[Excerpted records Boundary: Start]

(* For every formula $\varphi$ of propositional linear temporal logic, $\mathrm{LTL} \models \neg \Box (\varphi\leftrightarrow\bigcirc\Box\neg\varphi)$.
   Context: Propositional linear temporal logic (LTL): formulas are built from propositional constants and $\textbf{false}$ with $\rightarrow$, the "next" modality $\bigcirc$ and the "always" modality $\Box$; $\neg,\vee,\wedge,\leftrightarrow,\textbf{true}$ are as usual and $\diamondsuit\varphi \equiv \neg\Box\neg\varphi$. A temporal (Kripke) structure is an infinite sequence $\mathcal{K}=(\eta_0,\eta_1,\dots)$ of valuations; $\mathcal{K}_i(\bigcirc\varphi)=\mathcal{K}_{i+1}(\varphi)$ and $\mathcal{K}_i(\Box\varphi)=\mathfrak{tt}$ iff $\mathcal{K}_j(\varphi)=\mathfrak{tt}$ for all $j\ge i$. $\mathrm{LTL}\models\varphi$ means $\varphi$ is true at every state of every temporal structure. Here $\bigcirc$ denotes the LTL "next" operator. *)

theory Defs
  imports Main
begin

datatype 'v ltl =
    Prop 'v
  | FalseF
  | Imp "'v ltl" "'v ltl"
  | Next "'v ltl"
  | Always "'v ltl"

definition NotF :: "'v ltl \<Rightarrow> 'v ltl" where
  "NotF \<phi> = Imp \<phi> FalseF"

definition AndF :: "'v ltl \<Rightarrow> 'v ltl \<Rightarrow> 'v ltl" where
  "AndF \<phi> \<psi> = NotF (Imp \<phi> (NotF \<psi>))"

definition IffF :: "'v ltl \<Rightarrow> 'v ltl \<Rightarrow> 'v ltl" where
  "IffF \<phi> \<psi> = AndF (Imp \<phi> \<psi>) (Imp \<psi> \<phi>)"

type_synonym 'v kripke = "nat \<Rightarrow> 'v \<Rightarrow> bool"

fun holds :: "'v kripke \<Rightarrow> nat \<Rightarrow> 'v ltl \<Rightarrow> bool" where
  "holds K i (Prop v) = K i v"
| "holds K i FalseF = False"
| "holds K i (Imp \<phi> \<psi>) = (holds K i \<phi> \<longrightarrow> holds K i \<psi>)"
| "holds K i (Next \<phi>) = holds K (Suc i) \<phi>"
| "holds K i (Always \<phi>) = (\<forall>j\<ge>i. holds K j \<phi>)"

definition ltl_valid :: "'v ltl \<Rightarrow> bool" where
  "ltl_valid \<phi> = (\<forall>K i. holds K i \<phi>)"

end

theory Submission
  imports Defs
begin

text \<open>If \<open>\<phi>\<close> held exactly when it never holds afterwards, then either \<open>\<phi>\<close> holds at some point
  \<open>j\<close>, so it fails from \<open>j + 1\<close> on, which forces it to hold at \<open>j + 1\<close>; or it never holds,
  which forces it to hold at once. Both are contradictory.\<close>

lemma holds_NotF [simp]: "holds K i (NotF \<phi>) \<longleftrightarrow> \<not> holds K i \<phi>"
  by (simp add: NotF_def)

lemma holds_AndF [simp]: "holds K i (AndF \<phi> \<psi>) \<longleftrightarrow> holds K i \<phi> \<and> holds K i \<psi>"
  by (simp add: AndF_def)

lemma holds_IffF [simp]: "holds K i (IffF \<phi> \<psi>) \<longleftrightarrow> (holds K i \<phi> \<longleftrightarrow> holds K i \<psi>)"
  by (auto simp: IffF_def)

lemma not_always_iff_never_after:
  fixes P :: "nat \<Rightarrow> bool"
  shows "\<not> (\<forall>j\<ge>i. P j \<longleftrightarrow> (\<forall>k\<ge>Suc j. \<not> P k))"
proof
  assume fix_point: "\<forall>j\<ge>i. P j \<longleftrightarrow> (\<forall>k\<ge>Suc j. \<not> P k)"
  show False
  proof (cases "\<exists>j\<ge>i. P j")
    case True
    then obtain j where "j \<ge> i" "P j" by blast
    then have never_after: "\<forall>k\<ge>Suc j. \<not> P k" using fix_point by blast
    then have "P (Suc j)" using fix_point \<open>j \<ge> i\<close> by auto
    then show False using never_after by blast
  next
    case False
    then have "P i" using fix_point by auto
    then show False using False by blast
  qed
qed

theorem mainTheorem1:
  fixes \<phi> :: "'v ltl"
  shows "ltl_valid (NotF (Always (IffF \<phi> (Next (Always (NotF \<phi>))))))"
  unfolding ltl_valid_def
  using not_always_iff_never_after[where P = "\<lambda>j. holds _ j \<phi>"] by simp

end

[Excerpted records Boundary: End]

**Work item**
After reading the data, retype all of it exactly as it reads.

**Response below**
(* For every formula $\varphi$ of propositional linear temporal logic, $\mathrm{LTL} \models \neg \Box (\varphi\leftrightarrow\bigcirc\Box\neg\varphi)$.
   Context: Propositional linear temporal logic (LTL): formulas are built from propositional constants and $\textbf{false}$ with $\rightarrow$, the "next" modality $\bigcirc$ and the "always" modality $\Box$; $\neg,\vee,\wedge,\leftrightarrow,\textbf{true}$ are as usual and $\diamondsuit\varphi \equiv \neg\Box\neg\varphi$. A temporal (Kripke) structure is an infinite sequence $\mathcal{K}=(\eta_0,\eta_1,\dots)$ of valuations; $\mathcal{K}_i(\bigcirc\varphi)=\mathcal{K}_{i+1}(\varphi)$ and $\mathcal{K}_i(\Box\varphi)=\mathfrak{tt}$ iff $\mathcal{K}_j(\varphi)=\mathfrak{tt}$ for all $j\ge i$. $\mathrm{LTL}\models\varphi$ means $\varphi$ is true at every state of every temporal structure. Here $\bigcirc$ denotes the LTL "next" operator. *)

theory Defs
  imports Main
begin

datatype 'v ltl =
    Prop 'v
  | FalseF
  | Imp "'v ltl" "'v ltl"
  | Next "'v ltl"
  | Always "'v ltl"

definition NotF :: "'v ltl \<Rightarrow> 'v ltl" where
  "NotF \<phi> = Imp \<phi> FalseF"

definition AndF :: "'v ltl \<Rightarrow> 'v ltl \<Rightarrow> 'v ltl" where
  "AndF \<phi> \<psi> = NotF (Imp \<phi> (NotF \<psi>))"

definition IffF :: "'v ltl \<Rightarrow> 'v ltl \<Rightarrow> 'v ltl" where
  "IffF \<phi> \<psi> = AndF (Imp \<phi> \<psi>) (Imp \<psi> \<phi>)"

type_synonym 'v kripke = "nat \<Rightarrow> 'v \<Rightarrow> bool"

fun holds :: "'v kripke \<Rightarrow> nat \<Rightarrow> 'v ltl \<Rightarrow> bool" where
  "holds K i (Prop v) = K i v"
| "holds K i FalseF = False"
| "holds K i (Imp \<phi> \<psi>) = (holds K i \<phi> \<longrightarrow> holds K i \<psi>)"
| "holds K i (Next \<phi>) = holds K (Suc i) \<phi>"
| "holds K i (Always \<phi>) = (\<forall>j\<ge>i. holds K j \<phi>)"

definition ltl_valid :: "'v ltl \<Rightarrow> bool" where
  "ltl_valid \<phi> = (\<forall>K i. holds K i \<phi>)"

end

theory Submission
  imports Defs
begin

text \<open>If \<open>\<phi>\<close> held exactly when it never holds afterwards, then either \<open>\<phi>\<close> holds at some point
  \<open>j\<close>, so it fails from \<open>j + 1\<close> on, which forces it to hold at \<open>j + 1\<close>; or it never holds,
  which forces it to hold at once. Both are contradictory.\<close>

lemma holds_NotF [simp]: "holds K i (NotF \<phi>) \<longleftrightarrow> \<not> holds K i \<phi>"
  by (simp add: NotF_def)

lemma holds_AndF [simp]: "holds K i (AndF \<phi> \<psi>) \<longleftrightarrow> holds K i \<phi> \<and> holds K i \<psi>"
  by (simp add: AndF_def)

lemma holds_IffF [simp]: "holds K i (IffF \<phi> \<psi>) \<longleftrightarrow> (holds K i \<phi> \<longleftrightarrow> holds K i \<psi>)"
  by (auto simp: IffF_def)

lemma not_always_iff_never_after:
  fixes P :: "nat \<Rightarrow> bool"
  shows "\<not> (\<forall>j\<ge>i. P j \<longleftrightarrow> (\<forall>k\<ge>Suc j. \<not> P k))"
proof
  assume fix_point: "\<forall>j\<ge>i. P j \<longleftrightarrow> (\<forall>k\<ge>Suc j. \<not> P k)"
  show False
  proof (cases "\<exists>j\<ge>i. P j")
    case True
    then obtain j where "j \<ge> i" "P j" by blast
    then have never_after: "\<forall>k\<ge>Suc j. \<not> P k" using fix_point by blast
    then have "P (Suc j)" using fix_point \<open>j \<ge> i\<close> by auto
    then show False using never_after by blast
  next
    case False
    then have "P i" using fix_point by auto
    then show False using False by blast
  qed
qed

theorem mainTheorem1:
  fixes \<phi> :: "'v ltl"
  shows "ltl_valid (NotF (Always (IffF \<phi> (Next (Always (NotF \<phi>))))))"
  unfolding ltl_valid_def
  using not_always_iff_never_after[where P = "\<lambda>j. holds _ j \<phi>"] by simp

end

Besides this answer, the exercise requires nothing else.